May looked Thorpe in the eyes.
“This is it,” the Mechanica man said. “We’re writing a new chapter in human history. In a decade’s time, people will still be talking about what we did here.”
“Only a decade?” Thorpe replied. “I fully intend our mission to be remembered for the next ten thousand years!”
“Lexington to Ontario. Good hunting. We’ll see you in a few weeks.”
Captain Carlisle of the Starship Lexington was an older man, late eighties, who looked like a knight from some medieval fantasy. His face filled the entire viewscreen. The human lifespan was pretty long in the Terran Empire.
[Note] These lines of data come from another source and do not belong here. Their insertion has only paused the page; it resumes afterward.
lemma np2_homotopic_slices:
  assumes G: "dcont (Y \<times> P) (np2_adj b a) Z c G" and "reflp_on Z c" "symp_on P a" "dconnected P a"
    and "p \<in> P" "q \<in> P"
  shows "np2_homotopic Y b Z c (\<lambda>y. G (y, p)) (\<lambda>y. G (y, q))"
proof -
  have slice: "dcont Y b Z c (\<lambda>y. G (y, s))" if "s \<in> P" for s
    using G that unfolding dcont_def np2_adj_def by auto
  have adjacent_slices: "np2_homotopic Y b Z c (\<lambda>y. G (y, s)) (\<lambda>y. G (y, s'))"
    if "s \<in> P" "s' \<in> P" "a s s'" for s s'
  proof (rule np2_homotopic_one_step)
    show "(\<lambda>y. G (y, s)) ` Y \<subseteq> Z" "(\<lambda>y. G (y, s')) ` Y \<subseteq> Z"
      using slice that unfolding dcont_def by auto
    have "a s' s"
      using that \<open>symp_on P a\<close> by (blast dest: symp_onD)
    then show "c (h y) (h' y')"
      if "y \<in> Y" "y' \<in> Y" "b y y' \<or> y = y'"
        "h \<in> {\<lambda>y. G (y, s), \<lambda>y. G (y, s')}" "h' \<in> {\<lambda>y. G (y, s), \<lambda>y. G (y, s')}" for y y' h h'
      using that G \<open>s \<in> P\<close> \<open>s' \<in> P\<close> \<open>a s s'\<close> unfolding dcont_def np2_adj_def by auto
  qed
  have "(p, q) \<in> {(u, v). u \<in> P \<and> v \<in> P \<and> a u v}\<^sup>*"
    using \<open>dconnected P a\<close> \<open>p \<in> P\<close> \<open>q \<in> P\<close> unfolding dconnected_def by blast
  then show ?thesis
  proof (induction rule: rtrancl_induct)
    case base
    show ?case
      using slice[OF \<open>p \<in> P\<close>] \<open>reflp_on Z c\<close> by (rule np2_homotopic_refl)
  next
    case (step s s')
    then have "np2_homotopic Y b Z c (\<lambda>y. G (y, s)) (\<lambda>y. G (y, s'))"
      using adjacent_slices by blast
    with step.IH show ?case
      by (rule np2_homotopic_trans)
  qed
qed

definition stiff :: "'a set \<Rightarrow> ('a \<Rightarrow> 'a \<Rightarrow> bool) \<Rightarrow> bool" where
  "stiff Y a \<longleftrightarrow> (\<forall>y\<in>Y. \<forall>w\<in>Y. (\<forall>z\<in>Y. a y z \<longrightarrow> a w z) \<longrightarrow> w = y)"

lemma stiff_homotopic_id_eq_id:
  assumes "stiff Y a" "np2_homotopic Y a Y a id g" "y \<in> Y"
  shows "g y = y"
proof -
  obtain m H where "m \<ge> 0" and H: "dcont (Y \<times> {0..m}) (np2_adj a int_adj) Y a H"
    and ends: "\<forall>y\<in>Y. H (y, 0) = y \<and> H (y, m) = g y"
    using assms(2) unfolding np2_homotopic_def by auto
  have "\<forall>y\<in>Y. H (y, int n) = y" if "int n \<le> m" for n
    using that
  proof (induction n)
    case 0
    then show ?case using ends by simp
  next
    case (Suc n)
    show ?case
    proof
      fix y assume "y \<in> Y"
      have "a (H (y, int (Suc n))) z" if "z \<in> Y" "a y z" for z
      proof -
        have "np2_adj a int_adj (y, int (Suc n)) (z, int n)"
          using that unfolding np2_adj_def int_adj_def by simp
        then have "a (H (y, int (Suc n))) (H (z, int n))"
          using H \<open>y \<in> Y\<close> \<open>z \<in> Y\<close> Suc.prems unfolding dcont_def by auto
        then show ?thesis
          using Suc \<open>z \<in> Y\<close> by simp
      qed
      moreover have "H (y, int (Suc n)) \<in> Y"
        using H \<open>y \<in> Y\<close> Suc.prems unfolding dcont_def by auto
      ultimately show "H (y, int (Suc n)) = y"
        using assms(1) \<open>y \<in> Y\<close> unfolding stiff_def by blast
    qed
  qed
  moreover obtain n where "m = int n"
    using \<open>m \<ge> 0\<close> nonneg_int_cases by blast
  ultimately show ?thesis
    using ends assms(3) by auto
qed
lemma cullis_term_eq_0_if_zero_column:
  assumes "finite c" and "card c = k" and j: "1 \<le> j" "j \<le> k"
    and zero: "\<And>r. r \<in> c \<Longrightarrow> X (r, j) = 0"
  shows "cullis_term k X c = 0"
proof -
  have "det (mat k k (\<lambda>(a, b). X (sorted_list_of_set c ! a, b + 1))) = 0"
  proof (rule det_zero_column)
    show "j - 1 < k"
      using j by simp
    fix a assume "a < k"
    then have "sorted_list_of_set c ! a \<in> c"
      using assms(1,2) by (metis length_sorted_list_of_set nth_mem set_sorted_list_of_set)
    then show "mat k k (\<lambda>(a, b). X (sorted_list_of_set c ! a, b + 1)) $$ (a, j - 1) = 0"
      using \<open>a < k\<close> j zero by auto
  qed simp
  then show ?thesis
    by (simp add: cullis_term_def)
qed

lemma minus_one_power_cullis_exponent_insert:
  assumes "sorted_wrt (<) xs" and "sorted_wrt (<) ys" and "0 \<notin> set xs" and "0 \<notin> set ys"
    and "length ys = Suc (length xs)" and "\<alpha> \<le> length xs"
    and "sum_list ys = sum_list xs + i + (length xs - \<alpha>)" and "1 \<le> j"
  shows "(- 1 :: 'a::comm_ring_1) ^ (\<Sum>a<length ys. ys ! a - (a + 1)) * (- 1) ^ (\<alpha> + (j - 1))
    = (- 1) ^ (i + j) * (- 1) ^ (\<Sum>a<length xs. xs ! a - (a + 1))"
proof -
  have exponent: "sum_list ys + (\<Sum>a<length ys. a + 1) + (\<alpha> + (j - 1))
      = i + j + (sum_list xs + (\<Sum>a<length xs. a + 1)) + 2 * length xs"
    using assms(5-8) by simp
  show ?thesis
    unfolding minus_one_power_cullis_exponent[OF assms(1,3)] minus_one_power_cullis_exponent[OF assms(2,4)]
      power_add[symmetric] exponent
    by (simp add: power_add power_mult)
qed

lemma mat_delete_rows_insert_index:
  assumes "\<alpha> \<le> length xs" and "length xs = k" and "1 \<le> j"
    and ys: "\<And>a. a < length xs \<Longrightarrow> ys ! insert_index \<alpha> a = insert_index i (xs ! a)"
  shows "mat_delete (mat (Suc k) (Suc k) (\<lambda>(a, b). X (ys ! a, b + 1))) \<alpha> (j - 1)
    = mat k k (\<lambda>(a, b). delete_row_col i j X (xs ! a, b + 1))"
proof (rule eq_matI)
  fix a b assume "a < dim_row (mat k k (\<lambda>(a, b). delete_row_col i j X (xs ! a, b + 1)))"
    and "b < dim_col (mat k k (\<lambda>(a, b). delete_row_col i j X (xs ! a, b + 1)))"
  then have "a < k" and "b < k"
    by simp_all
  moreover have "insert_index (j - 1) b + 1 = insert_index j (b + 1)"
    using assms(3) by (auto simp: insert_index_def)
  ultimately show "mat_delete (mat (Suc k) (Suc k) (\<lambda>(a, b). X (ys ! a, b + 1))) \<alpha> (j - 1) $$ (a, b)
      = mat k k (\<lambda>(a, b). delete_row_col i j X (xs ! a, b + 1)) $$ (a, b)"
    using assms(1,2) ys by (simp add: mat_delete_def delete_row_col_def insert_index_def)
qed simp_all
definition LK :: "('m::finite \<Rightarrow> 'm \<Rightarrow> real) \<Rightarrow> ('m \<Rightarrow> real^'d^'d) \<Rightarrow> ('m \<Rightarrow> real^'k^'d)
    \<Rightarrow> ('m \<Rightarrow> real^'d^'d) \<Rightarrow> ('m \<Rightarrow> real^'k^'k) \<Rightarrow> ('m \<Rightarrow> real^'d^'k) \<Rightarrow> 'm \<Rightarrow> real^'d^'k" where
  "LK p A B Q R K i =
     (R i + transpose (B i) ** Eop p (PK p A B Q R K) i ** B i) ** K i
     - transpose (B i) ** Eop p (PK p A B Q R K) i ** A i"

end

(* Write T_M(Y)_i = M_i^T E_i(Y) M_i (lyap_op) for the adjoint of the second-moment recursion of
   the closed loop M = A - B K.  Mean-square stability of M is equivalent to T_M^n(I) -> 0, and
   then P^K is the unique solution of P = Q + K^T R K + T_M(P); it is positive semidefinite.

   Fix a mode i and a state x, and put E = E_i(P^K), G = R_i + B_i^T E B_i.  Completing the square,
   the cost u |-> u^T R_i u + (A_i x - B_i u)^T E (A_i x - B_i u) equals (u - y)^T G (u - y) + const
   with y = G^-1 B_i^T E A_i x, and the new gain satisfies K'_i x - y = (1 - 2 eta) (K_i x - y).
   So the cost does not increase, which gives T_M'(P^K) <= P^K - Q for M' = A - B K'.  As Q is
   positive definite, this is a contraction T_M'(P^K) <= r P^K with r < 1, hence
   T_M'^n(I) <= c r^n P^K -> 0 and K' is mean-square stabilizing. *)

theory Submission
  imports Defs
begin

lemma inner_transpose_matrix_vector: "inner (a::real^'n) (transpose M *v w) = inner (M *v a) w"
  by (metis dot_lmul_matrix inner_commute transpose_matrix_vector)

lemma inner_transpose_sandwich:
  "inner a ((transpose F ** (S::real^_^_) ** F) *v b) = inner (F *v a) (S *v (F *v b))"
  by (simp only: matrix_vector_mul_assoc[symmetric]) (rule inner_transpose_matrix_vector)

lemma inner_symmetric_matrix: "transpose S = S \<Longrightarrow> inner x ((S::real^'n^'n) *v y) = inner y (S *v x)"
  by (metis inner_commute inner_transpose_matrix_vector)

lemma matrix_entry_eq_inner_axis: "(Z::real^'n^'m) $ r $ s = inner (axis r 1) (Z *v axis s 1)"
proof -
  have "inner (axis r 1) (Z *v axis s 1) = (Z *v axis s 1) $ r" by (simp add: inner_axis')
  also have "\<dots> = Z $ r $ s"
    by (simp add: matrix_vector_mult_def axis_def if_distrib if_distribR cong: if_cong)
  finally show ?thesis by simp
qed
In ages gone by, Carlisle would have passed for a man in his late forties were it not for his facial hair. The almost piteous jealousy written across his face could not be hidden by his impressive beard, which was the subject of good-natured humour within the Terran Navy.
“Don’t worry,” Thorpe said. “We’ll bring you a piece of the Atlantic Segment as a souvenir.”
“I look forward to it, Ellen. Lexington out.”
Carlisle’s bearded visage was replaced by an image of the hyper-gate. The stone structure hung in space, as inert as any lump of rock.
“All stations report readiness,” Thorpe ordered. The sections reported in one by one. Everything was green.
“Activate Gellar shield,” said the Captain. Moments later, the numbing headaches began, nature’s way of reminding the crew they were violating its laws.
“Status?” Thorpe said, looking askance at May. The Mechanica supervisor was hunched over a science console. He frowned for a moment, then smiled and nodded at the Captain.
“New Gellar frequencies are stable, Captain. We’re good to go.”
“Acknowledged. Engineering, activate the hyper-gate.”
“Understood,” Thade crackled across the vox. “Targeting the gate.
Charging empyrean pulse. Initiating pulse in three, two, one. Hit it.”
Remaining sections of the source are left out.